Stored data:
══════════

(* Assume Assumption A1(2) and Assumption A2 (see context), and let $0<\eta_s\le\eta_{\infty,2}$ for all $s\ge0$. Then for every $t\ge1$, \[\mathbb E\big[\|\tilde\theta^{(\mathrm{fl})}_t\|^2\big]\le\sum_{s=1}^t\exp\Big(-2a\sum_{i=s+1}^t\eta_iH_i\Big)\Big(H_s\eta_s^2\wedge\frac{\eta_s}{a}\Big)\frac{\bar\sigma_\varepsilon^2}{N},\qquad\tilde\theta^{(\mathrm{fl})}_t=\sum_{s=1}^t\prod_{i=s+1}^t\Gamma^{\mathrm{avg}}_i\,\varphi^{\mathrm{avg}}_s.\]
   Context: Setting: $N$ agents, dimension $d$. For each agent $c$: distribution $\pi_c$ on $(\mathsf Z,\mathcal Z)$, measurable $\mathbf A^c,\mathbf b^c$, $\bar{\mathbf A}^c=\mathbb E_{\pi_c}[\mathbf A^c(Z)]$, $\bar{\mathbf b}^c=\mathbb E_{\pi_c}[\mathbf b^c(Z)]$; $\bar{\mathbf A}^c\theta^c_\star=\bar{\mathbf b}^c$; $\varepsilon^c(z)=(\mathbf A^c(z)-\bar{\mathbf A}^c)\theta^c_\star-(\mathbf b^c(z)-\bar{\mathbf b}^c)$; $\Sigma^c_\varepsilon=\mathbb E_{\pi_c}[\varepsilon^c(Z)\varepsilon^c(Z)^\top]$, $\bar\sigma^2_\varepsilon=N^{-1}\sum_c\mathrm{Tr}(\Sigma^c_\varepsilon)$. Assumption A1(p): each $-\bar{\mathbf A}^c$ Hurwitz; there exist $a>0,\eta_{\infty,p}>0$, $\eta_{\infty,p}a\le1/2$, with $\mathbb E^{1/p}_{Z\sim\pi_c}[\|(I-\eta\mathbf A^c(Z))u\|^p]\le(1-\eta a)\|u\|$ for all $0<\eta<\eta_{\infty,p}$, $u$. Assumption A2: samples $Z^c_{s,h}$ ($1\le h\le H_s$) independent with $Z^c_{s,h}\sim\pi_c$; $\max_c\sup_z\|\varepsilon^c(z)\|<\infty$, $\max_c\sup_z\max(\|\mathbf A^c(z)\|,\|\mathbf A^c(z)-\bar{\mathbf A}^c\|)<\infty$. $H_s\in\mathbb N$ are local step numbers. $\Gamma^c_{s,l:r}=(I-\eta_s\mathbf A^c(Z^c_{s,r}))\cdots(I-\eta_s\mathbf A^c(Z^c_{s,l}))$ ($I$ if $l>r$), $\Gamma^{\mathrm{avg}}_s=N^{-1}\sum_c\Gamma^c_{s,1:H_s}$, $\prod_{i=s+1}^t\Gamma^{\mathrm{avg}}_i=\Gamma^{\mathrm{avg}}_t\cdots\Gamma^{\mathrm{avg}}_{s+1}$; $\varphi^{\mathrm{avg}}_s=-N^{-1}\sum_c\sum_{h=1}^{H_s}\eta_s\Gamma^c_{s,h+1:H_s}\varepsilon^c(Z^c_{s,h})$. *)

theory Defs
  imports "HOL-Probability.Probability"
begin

══════════

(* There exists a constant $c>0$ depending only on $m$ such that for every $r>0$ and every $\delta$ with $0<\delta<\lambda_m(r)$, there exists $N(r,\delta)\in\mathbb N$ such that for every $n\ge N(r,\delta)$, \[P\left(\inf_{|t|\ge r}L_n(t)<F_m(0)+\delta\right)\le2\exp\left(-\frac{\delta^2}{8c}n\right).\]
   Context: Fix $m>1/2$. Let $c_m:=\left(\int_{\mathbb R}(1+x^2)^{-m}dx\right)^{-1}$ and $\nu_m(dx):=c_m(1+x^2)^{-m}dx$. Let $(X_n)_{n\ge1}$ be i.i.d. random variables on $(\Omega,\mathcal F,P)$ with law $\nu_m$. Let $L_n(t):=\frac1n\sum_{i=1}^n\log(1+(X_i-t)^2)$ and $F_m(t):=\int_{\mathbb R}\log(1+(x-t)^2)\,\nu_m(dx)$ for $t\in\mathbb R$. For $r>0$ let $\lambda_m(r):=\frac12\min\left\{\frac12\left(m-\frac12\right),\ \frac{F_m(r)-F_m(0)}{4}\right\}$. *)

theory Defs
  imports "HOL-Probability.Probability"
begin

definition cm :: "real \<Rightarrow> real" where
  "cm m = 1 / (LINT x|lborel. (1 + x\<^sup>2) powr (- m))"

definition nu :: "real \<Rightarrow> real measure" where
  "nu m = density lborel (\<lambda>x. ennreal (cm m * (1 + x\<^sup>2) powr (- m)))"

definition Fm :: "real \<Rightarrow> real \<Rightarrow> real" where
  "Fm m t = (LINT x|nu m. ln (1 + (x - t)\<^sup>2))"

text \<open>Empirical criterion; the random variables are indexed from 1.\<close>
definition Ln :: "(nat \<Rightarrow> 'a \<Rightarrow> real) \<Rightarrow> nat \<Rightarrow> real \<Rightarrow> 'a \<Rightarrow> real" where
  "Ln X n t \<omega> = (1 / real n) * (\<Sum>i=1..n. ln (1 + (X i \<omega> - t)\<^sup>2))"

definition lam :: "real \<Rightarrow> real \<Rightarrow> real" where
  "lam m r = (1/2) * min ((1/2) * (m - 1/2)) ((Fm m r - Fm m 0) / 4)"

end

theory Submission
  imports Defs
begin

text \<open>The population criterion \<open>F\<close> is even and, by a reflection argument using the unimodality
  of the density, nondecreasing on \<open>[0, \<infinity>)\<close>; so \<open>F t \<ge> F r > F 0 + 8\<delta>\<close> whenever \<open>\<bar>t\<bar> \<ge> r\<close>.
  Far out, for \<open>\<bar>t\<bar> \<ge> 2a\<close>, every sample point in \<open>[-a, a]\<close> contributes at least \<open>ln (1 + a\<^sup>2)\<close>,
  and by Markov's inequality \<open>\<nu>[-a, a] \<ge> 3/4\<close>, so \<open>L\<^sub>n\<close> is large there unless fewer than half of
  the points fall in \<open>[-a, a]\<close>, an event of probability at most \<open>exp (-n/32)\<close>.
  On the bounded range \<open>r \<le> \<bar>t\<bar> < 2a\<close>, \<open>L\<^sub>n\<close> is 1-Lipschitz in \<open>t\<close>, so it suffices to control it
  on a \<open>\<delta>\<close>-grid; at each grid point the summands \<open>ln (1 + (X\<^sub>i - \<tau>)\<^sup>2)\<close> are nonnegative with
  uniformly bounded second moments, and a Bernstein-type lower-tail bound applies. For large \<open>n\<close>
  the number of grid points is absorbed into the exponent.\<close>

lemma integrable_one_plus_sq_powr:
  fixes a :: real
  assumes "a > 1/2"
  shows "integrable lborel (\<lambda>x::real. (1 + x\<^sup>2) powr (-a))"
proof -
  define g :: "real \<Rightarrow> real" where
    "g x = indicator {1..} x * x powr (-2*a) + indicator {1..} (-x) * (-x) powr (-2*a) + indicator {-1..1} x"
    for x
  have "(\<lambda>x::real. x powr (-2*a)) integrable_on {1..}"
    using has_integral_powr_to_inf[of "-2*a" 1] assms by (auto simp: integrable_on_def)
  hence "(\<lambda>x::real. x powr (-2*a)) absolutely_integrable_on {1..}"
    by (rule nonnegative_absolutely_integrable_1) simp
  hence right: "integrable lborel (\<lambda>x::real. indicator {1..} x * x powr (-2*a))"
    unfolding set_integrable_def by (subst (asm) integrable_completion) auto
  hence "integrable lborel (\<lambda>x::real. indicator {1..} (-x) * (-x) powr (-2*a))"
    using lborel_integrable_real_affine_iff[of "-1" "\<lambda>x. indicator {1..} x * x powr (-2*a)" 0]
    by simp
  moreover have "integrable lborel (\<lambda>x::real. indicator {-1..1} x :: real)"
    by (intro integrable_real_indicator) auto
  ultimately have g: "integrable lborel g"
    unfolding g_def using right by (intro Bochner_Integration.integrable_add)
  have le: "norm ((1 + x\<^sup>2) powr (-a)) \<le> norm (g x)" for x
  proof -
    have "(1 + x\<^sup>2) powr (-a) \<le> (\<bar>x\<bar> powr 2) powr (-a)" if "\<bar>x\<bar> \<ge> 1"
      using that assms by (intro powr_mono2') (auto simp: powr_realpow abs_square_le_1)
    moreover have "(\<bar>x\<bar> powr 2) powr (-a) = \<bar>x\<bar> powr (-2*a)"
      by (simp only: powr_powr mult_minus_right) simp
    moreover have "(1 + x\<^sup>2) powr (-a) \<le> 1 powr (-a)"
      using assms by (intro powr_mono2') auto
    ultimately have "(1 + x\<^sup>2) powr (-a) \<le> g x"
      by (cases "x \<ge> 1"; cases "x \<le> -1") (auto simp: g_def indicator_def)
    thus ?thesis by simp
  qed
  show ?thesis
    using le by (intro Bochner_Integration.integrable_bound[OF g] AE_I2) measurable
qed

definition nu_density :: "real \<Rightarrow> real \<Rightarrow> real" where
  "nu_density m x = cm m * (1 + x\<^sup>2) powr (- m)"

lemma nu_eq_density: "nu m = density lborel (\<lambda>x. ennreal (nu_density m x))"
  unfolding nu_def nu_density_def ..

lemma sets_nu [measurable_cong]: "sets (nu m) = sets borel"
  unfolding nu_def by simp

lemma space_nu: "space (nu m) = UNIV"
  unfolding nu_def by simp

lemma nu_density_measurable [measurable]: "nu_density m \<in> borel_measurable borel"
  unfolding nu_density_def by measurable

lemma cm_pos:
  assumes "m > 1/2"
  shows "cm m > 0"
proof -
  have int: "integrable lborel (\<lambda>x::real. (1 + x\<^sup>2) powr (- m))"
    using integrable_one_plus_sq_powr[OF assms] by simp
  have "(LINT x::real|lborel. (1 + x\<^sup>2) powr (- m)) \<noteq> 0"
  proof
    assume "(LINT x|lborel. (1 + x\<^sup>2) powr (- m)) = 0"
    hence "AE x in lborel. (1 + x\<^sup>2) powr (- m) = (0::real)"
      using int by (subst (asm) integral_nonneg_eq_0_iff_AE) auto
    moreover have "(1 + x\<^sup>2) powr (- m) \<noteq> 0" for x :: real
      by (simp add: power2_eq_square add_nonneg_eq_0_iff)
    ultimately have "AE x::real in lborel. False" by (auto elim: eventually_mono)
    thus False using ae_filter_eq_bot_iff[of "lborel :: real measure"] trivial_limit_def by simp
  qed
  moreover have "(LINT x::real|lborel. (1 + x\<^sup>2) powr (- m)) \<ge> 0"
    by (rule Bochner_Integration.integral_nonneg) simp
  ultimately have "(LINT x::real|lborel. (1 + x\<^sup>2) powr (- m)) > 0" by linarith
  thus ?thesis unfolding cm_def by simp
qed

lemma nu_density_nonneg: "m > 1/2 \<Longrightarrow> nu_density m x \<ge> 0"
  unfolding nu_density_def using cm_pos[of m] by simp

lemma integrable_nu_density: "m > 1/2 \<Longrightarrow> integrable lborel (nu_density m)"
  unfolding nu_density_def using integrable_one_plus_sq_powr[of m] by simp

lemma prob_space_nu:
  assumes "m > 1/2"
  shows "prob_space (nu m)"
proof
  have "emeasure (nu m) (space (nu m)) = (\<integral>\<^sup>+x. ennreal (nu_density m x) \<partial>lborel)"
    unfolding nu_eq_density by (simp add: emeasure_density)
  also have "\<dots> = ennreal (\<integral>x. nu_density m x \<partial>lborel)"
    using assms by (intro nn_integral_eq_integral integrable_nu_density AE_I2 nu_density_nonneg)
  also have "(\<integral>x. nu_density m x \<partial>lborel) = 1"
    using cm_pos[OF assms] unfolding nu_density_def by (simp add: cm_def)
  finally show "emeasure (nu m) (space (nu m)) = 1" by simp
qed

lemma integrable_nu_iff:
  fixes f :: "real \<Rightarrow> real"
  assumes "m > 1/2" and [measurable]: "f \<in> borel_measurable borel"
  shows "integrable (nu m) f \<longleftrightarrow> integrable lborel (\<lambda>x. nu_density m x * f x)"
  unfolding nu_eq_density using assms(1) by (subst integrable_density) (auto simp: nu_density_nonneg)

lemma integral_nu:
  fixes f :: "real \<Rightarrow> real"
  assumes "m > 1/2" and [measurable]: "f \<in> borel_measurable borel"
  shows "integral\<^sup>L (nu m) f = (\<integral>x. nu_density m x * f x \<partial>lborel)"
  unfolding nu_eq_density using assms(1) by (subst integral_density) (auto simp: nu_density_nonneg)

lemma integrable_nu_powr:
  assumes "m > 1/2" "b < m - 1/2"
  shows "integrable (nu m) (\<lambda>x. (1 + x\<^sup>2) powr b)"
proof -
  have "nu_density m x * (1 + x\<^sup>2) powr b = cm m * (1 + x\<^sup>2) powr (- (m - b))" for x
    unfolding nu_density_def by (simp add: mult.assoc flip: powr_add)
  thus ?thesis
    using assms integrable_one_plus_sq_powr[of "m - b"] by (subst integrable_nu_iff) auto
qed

══════════

▶ [Task directions]
Search the records line by line for the word "only" and copy every line where it appears.

▶ [Answer space]
(* There exists a constant $c>0$ depending only on $m$ such that for every $r>0$ and every $\delta$ with $0<\delta<\lambda_m(r)$, there exists $N(r,\delta)\in\mathbb N$ such that for every $n\ge N(r,\delta)$, \[P\left(\inf_{|t|\ge r}L_n(t)<F_m(0)+\delta\right)\le2\exp\left(-\frac{\delta^2}{8c}n\right).\]
      by (simp only: powr_powr mult_minus_right) simp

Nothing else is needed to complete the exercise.